> **Instructions to follow**: Scan the entries below, and for each line that includes the word "linarith", make a copy.
▼
(* Let $a\ge b\ge2$ be integers with $a/b\in\mathbb Z$, $\beta>1$ the positive root of $\beta^2=a\beta+b$, $\beta'=a-\beta$, and $\mathcal A=\{0,\dots,b-1\}$. For $n\ge1$ let $\mu_n=\min_{j\in\{0,1,\dots,b^n-1\}}P_{\mathrm{Pref}_{2n}(\mathbf h(j))}(\beta')$, and define sets $J_n\subseteq\mathbb Z$ by $J_0=\{0\}$ and \[ J_n=\Big\{j\in J_{n-1}+b^{n-1}\mathcal A:\ P_{\mathrm{Pref}_{2n}(\mathbf h(j))}(\beta')<\mu_n+|\beta'|^{2n+1}\tfrac{b-1}{1-(\beta')^2}\Big\}\quad(n\ge1). \] Then the sequence $(\mu_n)_{n\ge1}$ is non-increasing, and for every $n\ge1$, \[ \mu_n=\min_{j\in J_{n-1}+b^{n-1}\mathcal A}P_{\mathrm{Pref}_{2n}(\mathbf h(j))}(\beta'). \]
   Context: For an algebraic integer $\beta$, the $\beta$-adic expansion of $x\in\mathbb Z[\beta]$ is the unique infinite word $\mathbf h(x)=u_0u_1u_2\cdots$ with $u_n\in\{0,1,\dots,|N(\beta)|-1\}$ such that $x-\sum_{i=0}^{n-1}u_i\beta^i\in\beta^n\mathbb Z[\beta]$ for all $n\in\mathbb N$; here $|N(\beta)|=b$. $\mathrm{Pref}_n(\mathbf u)$ is the prefix of length $n$ of $\mathbf u$; for a finite word $w=w_0\cdots w_{k-1}$, $P_w(X)=\sum_{i=0}^{k-1}w_iX^i$. $J+b^{n-1}\mathcal A=\{j+b^{n-1}d: j\in J, d\in\mathcal A\}$. *)

theory Defs
  imports Complex_Main
begin

definition Zbeta :: "real \<Rightarrow> real set" where
  "Zbeta beta = {real_of_int p + real_of_int q * beta | p q. True}"

definition is_beta_expansion :: "nat \<Rightarrow> real \<Rightarrow> real \<Rightarrow> (nat \<Rightarrow> nat) \<Rightarrow> bool" where
  "is_beta_expansion b beta x u \<longleftrightarrow>
     (\<forall>n. u n < b) \<and>
     (\<forall>n. \<exists>y \<in> Zbeta beta. x - (\<Sum>i<n. real (u i) * beta ^ i) = beta ^ n * y)"

definition hexp :: "nat \<Rightarrow> real \<Rightarrow> real \<Rightarrow> (nat \<Rightarrow> nat)" where
  "hexp b beta x = (THE u. is_beta_expansion b beta x u)"

definition Ppref :: "(nat \<Rightarrow> nat) \<Rightarrow> nat \<Rightarrow> real \<Rightarrow> real" where
  "Ppref u k t = (\<Sum>i<k. real (u i) * t ^ i)"

definition Pj :: "nat \<Rightarrow> nat \<Rightarrow> real \<Rightarrow> nat \<Rightarrow> int \<Rightarrow> real" where
  "Pj a b beta n j = Ppref (hexp b beta (real_of_int j)) (2 * n) (real a - beta)"

definition mu :: "nat \<Rightarrow> nat \<Rightarrow> real \<Rightarrow> nat \<Rightarrow> real" where
  "mu a b beta n = Min (Pj a b beta n ` {0 ..< int b ^ n})"

definition extJ :: "nat \<Rightarrow> int set \<Rightarrow> nat \<Rightarrow> int set" where
  "extJ b J m = {j + int b ^ m * int d | j d. j \<in> J \<and> d < b}"

fun Jset :: "nat \<Rightarrow> nat \<Rightarrow> real \<Rightarrow> nat \<Rightarrow> int set" where
  "Jset a b beta 0 = {0}"
| "Jset a b beta (Suc m) =
     {j \<in> extJ b (Jset a b beta m) m.
        Pj a b beta (Suc m) j < mu a b beta (Suc m)
          + \<bar>real a - beta\<bar> ^ (2 * Suc m + 1) * (real b - 1) / (1 - (real a - beta)^2)}"

end

theory Submission
  imports Defs
begin

text \<open>Digits of \<open>\<beta>\<close>-adic expansions are governed by congruences modulo powers of \<open>\<beta>\<close>
  in \<open>\<int>[\<beta>]\<close>. Since \<open>b\<close> divides \<open>a\<close>, \<open>b = \<beta>\<^sup>2 e\<close> with \<open>e \<equiv> 1 (mod \<beta>)\<close>, so adding
  \<open>b\<^sup>n z\<close> to \<open>j\<close> leaves the first \<open>2n\<close> digits of \<open>h(j)\<close> unchanged and adds \<open>z\<close> to digit \<open>2n\<close>
  modulo \<open>b\<close>. Hence the quantity minimised in \<open>\<mu>\<^sub>n\<close> depends only on \<open>j mod b\<^sup>n\<close>, and a
  minimiser for \<open>n\<close> can be shifted to have digit \<open>2n\<close> equal to \<open>0\<close>; as \<open>-1 < \<beta>' < 0\<close>, the
  one remaining new term is odd and nonpositive, so \<open>\<mu>\<^sub>n\<^sub>+\<^sub>1 \<le> \<mu>\<^sub>n\<close>. For the same sign
  reason \<open>P\<^sub>2\<^sub>m(\<beta>')\<close> exceeds \<open>P\<^sub>2\<^sub>n(\<beta>')\<close> (\<open>m \<le> n\<close>) by less than
  \<open>|\<beta>'|\<^sup>2\<^sup>m\<^sup>+\<^sup>1 (b-1)/(1-\<beta>'\<^sup>2)\<close>; together with monotonicity of \<open>\<mu>\<close> this puts the residue
  modulo \<open>b\<^sup>m\<close> of a minimiser for \<open>n\<close> into \<open>J\<^sub>m\<close> for every \<open>m < n\<close>.\<close>

lemma Ppref_Suc: "Ppref u (Suc k) t = Ppref u k t + real (u k) * t ^ k"
  unfolding Ppref_def by simp

lemma digit_pair_lower_bound:
  fixes t :: real
  assumes "t \<le> 0" and "u (Suc (2*l)) < b"
  shows "- (real b - 1) * \<bar>t\<bar> ^ Suc (2*l)
           \<le> real (u (2*l)) * t ^ (2*l) + real (u (Suc (2*l))) * t ^ Suc (2*l)"
proof -
  have "t ^ Suc (2*l) = - (\<bar>t\<bar> ^ Suc (2*l))"
    using assms(1) power_minus_odd[of "Suc (2*l)" "\<bar>t\<bar>"] by (simp add: abs_of_nonpos)
  moreover have "real (u (Suc (2*l))) * \<bar>t\<bar> ^ Suc (2*l) \<le> (real b - 1) * \<bar>t\<bar> ^ Suc (2*l)"
    using assms(2) by (intro mult_right_mono) auto
  ultimately have "- (real b - 1) * \<bar>t\<bar> ^ Suc (2*l) \<le> real (u (Suc (2*l))) * t ^ Suc (2*l)"
    by (simp only: mult_minus_left mult_minus_right)
  moreover have "0 \<le> real (u (2*l)) * t ^ (2*l)" by simp
  ultimately show ?thesis by linarith
qed

lemma Ppref_even_tail_bound:
  fixes t :: real
  assumes "t \<le> 0" and "\<forall>i. u i < b"
  shows "Ppref u (2*m) t - Ppref u (2*(m+k)) t \<le> (real b - 1) * \<bar>t\<bar> ^ Suc (2*m) * (\<Sum>i<k. (t^2)^i)"
proof (induction k)
  case 0 then show ?case by simp
next
  case (Suc k)
  let ?l = "m + k" and ?B = "(real b - 1) * \<bar>t\<bar> ^ Suc (2*m)"
  let ?T = "real (u (2*?l)) * t ^ (2*?l) + real (u (Suc (2*?l))) * t ^ Suc (2*?l)"
  have "2 * (m + Suc k) = Suc (Suc (2 * ?l))" by simp
  then have "Ppref u (2*(m + Suc k)) t = Ppref u (2*?l) t + ?T"
    by (simp add: Ppref_Suc)
  moreover have "- (?B * (t^2)^k) \<le> ?T"
  proof -
    have "\<bar>t\<bar> ^ Suc (2*?l) = \<bar>t\<bar> ^ Suc (2*m) * (t^2)^k"
      by (simp add: power_add power_mult)
    then have "- (real b - 1) * \<bar>t\<bar> ^ Suc (2*?l) = - (?B * (t^2)^k)"
      by (simp only: mult_minus_left mult.assoc)
    moreover have "- (real b - 1) * \<bar>t\<bar> ^ Suc (2*?l) \<le> ?T"
      using digit_pair_lower_bound[OF assms(1), of u ?l b] assms(2) by blast
    ultimately show ?thesis by linarith
  qed
  moreover have "?B * (\<Sum>i<Suc k. (t^2)^i) = ?B * (\<Sum>i<k. (t^2)^i) + ?B * (t^2)^k"
    by (simp add: distrib_left)
  ultimately show ?case using Suc.IH by linarith
qed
▲
> **Response**:
  ultimately show ?thesis by linarith
    ultimately show ?thesis by linarith
  ultimately show ?case using Suc.IH by linarith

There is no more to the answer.